While Kidman is “not answering” yet on whether Amelia and Greer grab a bite, Hewson is firm on her stance. “No. People have asked me that, and I’m like, ‘No!’” she tells Tudum. “I just think she’d be like, ‘Thank you. That’s the end of that experience of my life. It sucked. Moving on.’”


Seacia Pavao/Netflix


What would have happened if Merritt hadn’t died?


Bier thinks Benji and Amelia probably would’ve gotten married. “It would’ve lasted a few years, and then Amelia would’ve left him,” says the director.  But Lamia thinks Amelia might have left Benji at the altar. “She’s really in crisis, and so torn because she is really — I don’t use this word — horny for Shooter,” she says. “I mean, you can tell. They’re not in love, they’re in that stage of total lust.” Even in Episode 1, Amelia confides in Merritt that she doesn’t feel “addicted” to Benji (but she does feel that way about Shooter). “I’m not saying she would have run away with Shooter, but she would have had a crisis of conscience.”

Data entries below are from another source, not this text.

(* Let $A$ be a closed densely defined operator in $\mathcal H$ and $G$ a bounded metric operator such that $H:=G^{1/2}AG^{-1/2}$, with domain $D(H)=G^{1/2}D(A)$, is self-adjoint; let $\{E(\lambda)\}_{\lambda\in\mathbb R}$ be the spectral family of $H$. For $\lambda\in\mathbb R$ let $X(\lambda):\mathcal H\to\mathcal H(G)$ be the continuous linear map characterized by $\langle X(\lambda)\xi,\eta\rangle=\langle E(\lambda)G^{1/2}\xi,G^{-1/2}\eta\rangle$ for all $\xi\in\mathcal H$, $\eta\in D(G^{-1/2})$. Then: (i) $\lim_{\lambda\to-\infty}\langle X(\lambda)\xi,\eta\rangle=0$ and $\lim_{\lambda\to+\infty}\langle X(\lambda)\xi,\eta\rangle=\langle\xi,\eta\rangle$ for all $\xi\in\mathcal H$, $\eta\in D(G^{-1/2})$; (ii) $\lim_{\lambda\downarrow\mu}\langle X(\lambda)\xi,\eta\rangle=\langle X(\mu)\xi,\eta\rangle$ for all $\mu\in\mathbb R$, $\xi\in\mathcal H$, $\eta\in D(G^{-1/2})$; (iii) for all $\xi\in\mathcal H$, $\eta\in D(G^{-1/2})$, the function $\lambda\mapsto\langle X(\lambda)\xi,\eta\rangle$ is of bounded variation with total variation at most $\|G^{1/2}\xi\|\,\|G^{-1/2}\eta\|$; (iv) $\langle A\xi,\eta\rangle=\int_{\mathbb R}\lambda\,d\langle X(\lambda)\xi,\eta\rangle$ for all $\xi\in D(A)$, $\eta\in D(G^{-1/2})$.
   Context: A metric operator on a Hilbert space $\mathcal H$ is a self-adjoint operator $G$ with $\langle G\xi,\xi\rangle>0$ for all nonzero $\xi\in D(G)$. For bounded $G$, $\mathcal H(G)$ is the completion of $\mathcal H$ in the norm $\|\xi\|_G=\|G^{1/2}\xi\|$, and $\mathcal H(G^{-1})$ is $D(G^{-1/2})$ with the norm $\|\eta\|_{G^{-1}}=\|G^{-1/2}\eta\|$; $\mathcal H(G)$ is identified with the conjugate dual of $\mathcal H(G^{-1})$, and $\langle\Phi,\eta\rangle$ for $\Phi\in\mathcal H(G)$, $\eta\in\mathcal H(G^{-1})$ denotes the corresponding sesquilinear duality pairing extending the inner product of $\mathcal H$. Concretely $X(\lambda)=\widetilde{G^{-1/2}}E(\lambda)G^{1/2}$, where $\widetilde{G^{-1/2}}$ is the continuous extension of $G^{-1/2}$ to a map $\mathcal H\to\mathcal H(G)$. *)

theory Defs
  imports "HOL-Analysis.Analysis"
begin

section \<open>Complex inner product spaces (complex Hilbert spaces = this class + complete_space)\<close>

text \<open>The inner product is linear in the FIRST argument and conjugate-linear in the
second, as in the paper. The norm is the one induced by the inner product.\<close>

class complex_inner_space = real_normed_vector +
  fixes scaleC :: "complex \<Rightarrow> 'a \<Rightarrow> 'a"
    and cinner :: "'a \<Rightarrow> 'a \<Rightarrow> complex"
  assumes scaleC_add_right: "scaleC c (x + y) = scaleC c x + scaleC c y"
    and scaleC_add_left: "scaleC (c + d) x = scaleC c x + scaleC d x"
    and scaleC_scaleC: "scaleC c (scaleC d x) = scaleC (c * d) x"
    and scaleC_one: "scaleC 1 x = x"
    and scaleR_scaleC: "scaleR r x = scaleC (complex_of_real r) x"
    and cinner_add_left: "cinner (x + y) z = cinner x z + cinner y z"
    and cinner_scaleC_left: "cinner (scaleC c x) y = c * cinner x y"
    and cinner_commute: "cinner y x = cnj (cinner x y)"
    and cinner_self_nonneg: "0 \<le> Re (cinner x x)"
    and cinner_self_eq_0: "cinner x x = 0 \<longleftrightarrow> x = 0"
    and norm_eq_sqrt_cinner: "norm x = sqrt (Re (cinner x x))"

definition csubspace :: "'a::complex_inner_space set \<Rightarrow> bool" where
  "csubspace D \<longleftrightarrow> 0 \<in> D \<and> (\<forall>x\<in>D. \<forall>y\<in>D. x + y \<in> D) \<and> (\<forall>c. \<forall>x\<in>D. scaleC c x \<in> D)"

text \<open>A (possibly unbounded) linear operator with domain D, acting as the function T on D.\<close>
definition lin_op :: "'a::complex_inner_space set \<Rightarrow> ('a \<Rightarrow> 'a) \<Rightarrow> bool" where
  "lin_op D T \<longleftrightarrow> csubspace D \<and> (\<forall>x\<in>D. \<forall>y\<in>D. T (x + y) = T x + T y)
      \<and> (\<forall>c. \<forall>x\<in>D. T (scaleC c x) = scaleC c (T x))"

definition densely_defined :: "'a::complex_inner_space set \<Rightarrow> bool" where
  "densely_defined D \<longleftrightarrow> closure D = UNIV"

definition closed_op :: "'a::complex_inner_space set \<Rightarrow> ('a \<Rightarrow> 'a) \<Rightarrow> bool" where
  "closed_op D T \<longleftrightarrow> lin_op D T \<and> closed {(x, T x) | x. x \<in> D}"

text \<open>Self-adjointness of a densely defined operator: D(T*) = D(T) and T* = T on D(T).\<close>
definition selfadjoint_op :: "'a::complex_inner_space set \<Rightarrow> ('a \<Rightarrow> 'a) \<Rightarrow> bool" where
  "selfadjoint_op D T \<longleftrightarrow> lin_op D T \<and> densely_defined D
     \<and> (\<forall>y. y \<in> D \<longleftrightarrow> (\<exists>z. \<forall>x\<in>D. cinner (T x) y = cinner x z))
     \<and> (\<forall>x\<in>D. \<forall>y\<in>D. cinner (T x) y = cinner x (T y))"

definition bounded_op :: "('a::complex_inner_space \<Rightarrow> 'a) \<Rightarrow> bool" where
  "bounded_op T \<longleftrightarrow> lin_op UNIV T \<and> (\<exists>K. \<forall>x. norm (T x) \<le> K * norm x)"

definition bounded_selfadjoint :: "('a::complex_inner_space \<Rightarrow> 'a) \<Rightarrow> bool" where
  "bounded_selfadjoint T \<longleftrightarrow> bounded_op T \<and> (\<forall>x y. cinner (T x) y = cinner x (T y))"

definition bounded_metric_op :: "('a::complex_inner_space \<Rightarrow> 'a) \<Rightarrow> bool" where
  "bounded_metric_op G \<longleftrightarrow> bounded_selfadjoint G
     \<and> (\<forall>x. x \<noteq> 0 \<longrightarrow> cinner (G x) x \<in> \<real> \<and> 0 < Re (cinner (G x) x))"

definition positive_op :: "('a::complex_inner_space \<Rightarrow> 'a) \<Rightarrow> bool" where
  "positive_op T \<longleftrightarrow> bounded_selfadjoint T \<and> (\<forall>x. cinner (T x) x \<in> \<real> \<and> 0 \<le> Re (cinner (T x) x))"

definition is_sqrt_op :: "('a::complex_inner_space \<Rightarrow> 'a) \<Rightarrow> ('a \<Rightarrow> 'a) \<Rightarrow> bool" where
  "is_sqrt_op S G \<longleftrightarrow> positive_op S \<and> (\<forall>x. S (S x) = G x)"

definition RS_has_integral ::
    "(real \<Rightarrow> complex) \<Rightarrow> (real \<Rightarrow> complex) \<Rightarrow> real \<Rightarrow> real \<Rightarrow> complex \<Rightarrow> bool" where
  "RS_has_integral f g a b I \<longleftrightarrow> a < b \<and>
     (\<forall>\<epsilon>>0. \<exists>\<delta>>0. \<forall>(n::nat) (t::nat \<Rightarrow> real) (s::nat \<Rightarrow> real).
        t 0 = a \<and> t n = b \<and>
        (\<forall>i<n. t i < t (Suc i) \<and> t (Suc i) - t i < \<delta> \<and> t i \<le> s i \<and> s i \<le> t (Suc i))
        \<longrightarrow> cmod ((\<Sum>i<n. f (s i) * (g (t (Suc i)) - g (t i))) - I) < \<epsilon>)"

definition RS_has_integral_R :: "(real \<Rightarrow> complex) \<Rightarrow> (real \<Rightarrow> complex) \<Rightarrow> complex \<Rightarrow> bool" where
  "RS_has_integral_R f g I \<longleftrightarrow>
     (\<forall>\<epsilon>>0. \<exists>M>0. \<forall>a b. a \<le> - M \<longrightarrow> M \<le> b \<longrightarrow>
        (\<exists>J. RS_has_integral f g a b J \<and> cmod (J - I) < \<epsilon>))"

definition total_variation :: "(real \<Rightarrow> complex) \<Rightarrow> ereal" where
  "total_variation F = (SUP p \<in> {(n::nat, t::nat \<Rightarrow> real). \<forall>i<n. t i < t (Suc i)}.
      ereal (\<Sum>i<fst p. cmod (F (snd p (Suc i)) - F (snd p i))))"

definition bounded_variation :: "(real \<Rightarrow> complex) \<Rightarrow> bool" where
  "bounded_variation F \<longleftrightarrow> total_variation F < \<infinity>"

definition resolution_of_identity :: "(real \<Rightarrow> 'a::complex_inner_space \<Rightarrow> 'a) \<Rightarrow> bool" where
  "resolution_of_identity E \<longleftrightarrow>
     (\<forall>l. bounded_selfadjoint (E l) \<and> (\<forall>x. E l (E l x) = E l x))
     \<and> (\<forall>l m. l \<le> m \<longrightarrow> (\<forall>x. E l (E m x) = E l x))
     \<and> (\<forall>x. ((\<lambda>l. E l x) \<longlongrightarrow> 0) at_bot)
     \<and> (\<forall>x. ((\<lambda>l. E l x) \<longlongrightarrow> x) at_top)
     \<and> (\<forall>x m. ((\<lambda>l. E l x) \<longlongrightarrow> E m x) (at_right m))"

text \<open>E is the spectral family of the self-adjoint operator T (domain D), i.e.
  T = \<integral> \<lambda> dE(\<lambda>): D = {x. \<integral> \<lambda>^2 d||E(\<lambda>)x||^2 < \<infinity>} and
  \<langle>Tx,y\<rangle> = \<integral> \<lambda> d\<langle>E(\<lambda>)x,y\<rangle> for x \<in> D.\<close>
definition spectral_family_of ::
    "(real \<Rightarrow> 'a::complex_inner_space \<Rightarrow> 'a) \<Rightarrow> 'a set \<Rightarrow> ('a \<Rightarrow> 'a) \<Rightarrow> bool" where
  "spectral_family_of E D T \<longleftrightarrow> resolution_of_identity E
     \<and> (\<forall>x. x \<in> D \<longleftrightarrow> (\<exists>I. RS_has_integral_R (\<lambda>l. complex_of_real (l ^ 2))
                                 (\<lambda>l. complex_of_real ((norm (E l x)) ^ 2)) I))
     \<and> (\<forall>x\<in>D. \<forall>y. RS_has_integral_R (\<lambda>l. complex_of_real l) (\<lambda>l. cinner (E l x) y) (cinner (T x) y))"

text \<open>The pairing \<langle>X(\<lambda>)\<xi>,\<eta>\<rangle> := \<langle>E(\<lambda>)G^(1/2)\<xi>, G^(-1/2)\<eta>\<rangle>, for \<eta> \<in> D(G^(-1/2)) = range S,
  where S = G^(1/2) and G^(-1/2) = inv S on range S.\<close>
definition X_pair :: "(real \<Rightarrow> 'a::complex_inner_space \<Rightarrow> 'a) \<Rightarrow> ('a \<Rightarrow> 'a) \<Rightarrow> real \<Rightarrow> 'a \<Rightarrow> 'a \<Rightarrow> complex" where
  "X_pair E S l \<xi> \<eta> = cinner (E l (S \<xi>)) (inv S \<eta>)"

end

theory Submission imports Defs begin

text \<open>All four statements are properties of the complex measures
  \<open>\<lambda> \<mapsto> \<langle>E(\<lambda>)x, y\<rangle>\<close> of an arbitrary resolution of the identity, read at
  \<open>x = G\<^sup>1\<^sup>/\<^sup>2\<xi>\<close>, \<open>y = G\<^sup>-\<^sup>1\<^sup>/\<^sup>2\<eta>\<close>. Limits and right continuity follow from the strong
  ones of \<open>E\<close>. For the variation, an increment over \<open>(s, t]\<close> is
  \<open>\<langle>(E t - E s)x, (E t - E s)y\<rangle>\<close>; Cauchy--Schwarz twice, together with
  orthogonality of the increments (so that \<open>\<Sum> \<parallel>(E t\<^sub>i\<^sub>+\<^sub>1 - E t\<^sub>i)x\<parallel>\<^sup>2 \<le> \<parallel>x\<parallel>\<^sup>2\<close>), bounds a
  partition sum by \<open>\<parallel>x\<parallel> \<parallel>y\<parallel>\<close>. The integral formula is the spectral representation
  of \<open>H = G\<^sup>1\<^sup>/\<^sup>2AG\<^sup>-\<^sup>1\<^sup>/\<^sup>2\<close>, since \<open>\<langle>G\<^sup>1\<^sup>/\<^sup>2A\<xi>, G\<^sup>-\<^sup>1\<^sup>/\<^sup>2\<eta>\<rangle> = \<langle>A\<xi>, \<eta>\<rangle>\<close>.\<close>

context complex_inner_space begin

lemma cinner_zero_left [simp]: "cinner 0 y = 0"
  using cinner_add_left[of 0 0 y] by simp

lemma cinner_zero_right [simp]: "cinner x 0 = 0"
  by (metis cinner_commute cinner_zero_left complex_cnj_zero)

lemma cinner_diff_left: "cinner (x - y) z = cinner x z - cinner y z"
  using cinner_add_left[of "x - y" y z] by simp

lemma cinner_diff_right: "cinner x (y - z) = cinner x y - cinner x z"
  by (metis cinner_commute cinner_diff_left complex_cnj_diff)

lemma cinner_scaleC_right: "cinner x (scaleC c y) = cnj c * cinner x y"
  by (metis cinner_commute cinner_scaleC_left complex_cnj_mult)

lemma cinner_self_eq_norm_power2: "cinner x x = complex_of_real ((norm x)\<^sup>2)"
proof -
  have "Im (cinner x x) = 0"
    using cinner_commute[of x x] by (metis Reals_cnj_iff complex_is_Real_iff)
  then show ?thesis
    using cinner_self_nonneg[of x] by (simp add: norm_eq_sqrt_cinner complex_eq_iff)
qed

lemma norm_cinner_le: "cmod (cinner x y) \<le> norm x * norm y"
proof (cases "y = 0")
  case False
  define a where "a = cinner x y"
  define b where "b = (norm y)\<^sup>2"
  have "b > 0" using False by (simp add: b_def)
  have a_cnj: "a * cnj a = complex_of_real ((cmod a)\<^sup>2)"
    by (simp add: complex_norm_square[symmetric])
  \<comment> \<open>subtract from \<open>x\<close> its projection onto \<open>y\<close>\<close>
  define c where "c = a / complex_of_real b"
  have "cinner (x - scaleC c y) (x - scaleC c y)
      = cinner x x - cnj c * a - c * cnj a + c * cnj c * complex_of_real b"
    unfolding cinner_diff_left cinner_diff_right cinner_scaleC_left cinner_scaleC_right
    by (simp add: a_def b_def cinner_self_eq_norm_power2[of y] cinner_commute[of y x]
        algebra_simps)
  also have "\<dots> = complex_of_real ((norm x)\<^sup>2 - (cmod a)\<^sup>2 / b)"
    using \<open>b > 0\<close> a_cnj
    by (simp add: c_def cinner_self_eq_norm_power2 field_simps power2_eq_square mult.commute)
  finally have "(norm (x - scaleC c y))\<^sup>2 = (norm x)\<^sup>2 - (cmod a)\<^sup>2 / b"
    unfolding cinner_self_eq_norm_power2 of_real_eq_iff .
  then have "(cmod a)\<^sup>2 \<le> (norm x * norm y)\<^sup>2"
    using \<open>b > 0\<close> zero_le_power2[of "norm (x - scaleC c y)"]
    by (simp add: b_def power_mult_distrib divide_le_eq mult.commute)
  then show ?thesis
    unfolding a_def by (meson mult_nonneg_nonneg norm_ge_zero power2_le_imp_le)
qed simp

Hewson proposes that another person would have helped her evade her (death) march down the aisle. “Merritt would have been like, ‘OK, we’re getting out of here! I’ll take you in a getaway car. You’re not marrying this guy,’ ” says Hewson. 


Not to mention Merritt’s pregnancy … “The whole family would’ve exploded into bits, which might have been a fun story as well,” says Bier. 

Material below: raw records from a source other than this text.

lemma orlicz_mean_eq_ex1:
  assumes R: "R > 0"
  shows "\<exists>!a. a < 0 \<and> orlicz_mean V l a = R"
proof -
  obtain a1 where a1: "a1 < 0" "orlicz_mean V l a1 < R"
    using exists_orlicz_mean_less[OF R] by blast
  obtain a2 where a2: "a2 < 0" "orlicz_mean V l a2 > R"
    using exists_orlicz_mean_greater[OF R] by blast
  have "a1 \<le> a2"
    using orlicz_mean_mono[of a2 a1 l] a1 a2 by force
  moreover have "continuous_on {a1..a2} (orlicz_mean V l)"
    using a2 by (intro continuous_on_subset[OF continuous_on_orlicz_mean]) auto
  ultimately obtain a where a: "a1 \<le> a" "a \<le> a2" "orlicz_mean V l a = R"
    using IVT'[of "orlicz_mean V l" a1 R a2] a1 a2 by auto
  show ?thesis
  proof (rule ex1I[of _ a])
    show "a < 0 \<and> orlicz_mean V l a = R"
      using a a2 by simp
    fix b
    assume "b < 0 \<and> orlicz_mean V l b = R"
    then show "b = a"
      using orlicz_mean_strict_mono[of a b l] orlicz_mean_strict_mono[of b a l] a a2
      by (cases a b rule: linorder_cases) auto
  qed
qed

Fahy thinks that if Merritt hadn’t died, she probably would have had the baby alone. “In the dream version of it, I want her to be alive and happy and thriving and to have succeeded in creating a family for herself, because that’s what she so desperately wanted,” she tells Tudum. “More than anything, and I think that’s part of what led her astray.” 

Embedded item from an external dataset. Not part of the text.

(* Assume $W$ satisfies (h) and (h* ) as in the context, and let \[ c^*:=\sup\Big\{c>0:\ \text{there exists } L\ge1 \text{ with } \inf_{V\in\mathcal{X}_L}E_c(V)<0\Big\} \] (the speed of the heteroclinic travelling wave $U_{xx}-\nabla W(U)=-cU_x$, $U(\pm\infty)=a^\pm$). Then \[ c^*=\sup\Big\{c>0:\ \inf_{V\in\mathcal{X}}E_c(V)<0\Big\},\qquad \mathcal{X}:=\{V\in[H^1_{\mathrm{loc}}(\mathbb{R})]^N: V(\pm\infty)=a^\pm\}. \]
   Context: $W\in C^2_{\mathrm{loc}}(\mathbb{R}^N)$. Hypothesis (h* ): $a^\pm$ are minima, $W(a^-)<0=W(a^+)$, $\min W=W(a^-)$; there is $\alpha_0>0$ such that for every $\alpha\in(0,\alpha_0]$, $W^{-1}(\{\alpha\})=\partial\mathcal{C}^-_\alpha\cup\partial\mathcal{C}^+_\alpha$, $\{W\le\alpha\}=\mathcal{C}^-_\alpha\cup\mathcal{C}^+_\alpha$, with $\mathcal{C}^\pm_\alpha$ disjoint compact convex sets with $C^2$ boundaries containing $a^\pm$; with $\mathcal{C}^-_0$ the component of $\{W\le0\}$ containing $a^-$ and $n$ its outward normal, $\nabla W\cdot n\ge c_0>0$ and $D^2W\ge c_0I$ on $\partial\mathcal{C}^-_0$; and $r\mapsto W(a^-+r\xi)$ has strictly positive derivative for $r>0$ while $a^-+r\xi\in\mathcal{C}^-_{\alpha_0}$, $|\xi|=1$. Hypothesis (h): there is $R_0>0$ with $\frac{d}{dr}W(a^\pm+r\xi)>0$ for $r\in(0,R_0)$, $|\xi|=1$. $r_0\in(0,R_0)$ with $W\ge0$ on $\{|u-a^+|\le r_0\}$, $W<0$ on $\{|u-a^-|\le r_0\}$. $E_c(U):=\int_{\mathbb{R}}(\tfrac12|U_x|^2+W(U))e^{cx}dx$; $\mathcal{X}_L:=\{U\in[H^1_{\mathrm{loc}}(\mathbb{R})]^N: |U(x)-a^+|\le r_0\ (x\ge L),\ |U(x)-a^-|\le r_0\ (x\le-L)\}$. *)

theory Defs
  imports "HOL-Analysis.Analysis"
begin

“Showing Elin the scripts!” says Lamia.

Courtesy of Jenna Lamia


One more thing: Why did Amelia’s name change from the book?


The bride-to-be is named Celeste in Hilderbrand’s novel. “The bride was named Celeste through many, many drafts of the script,” says Lamia. But Kidman notably played a character called Celeste in Big Little Lies, and the team didn’t want to confuse the audience. “She’s so iconic in that role,” Lamia says. Instead, the showrunner named the bride after her niece.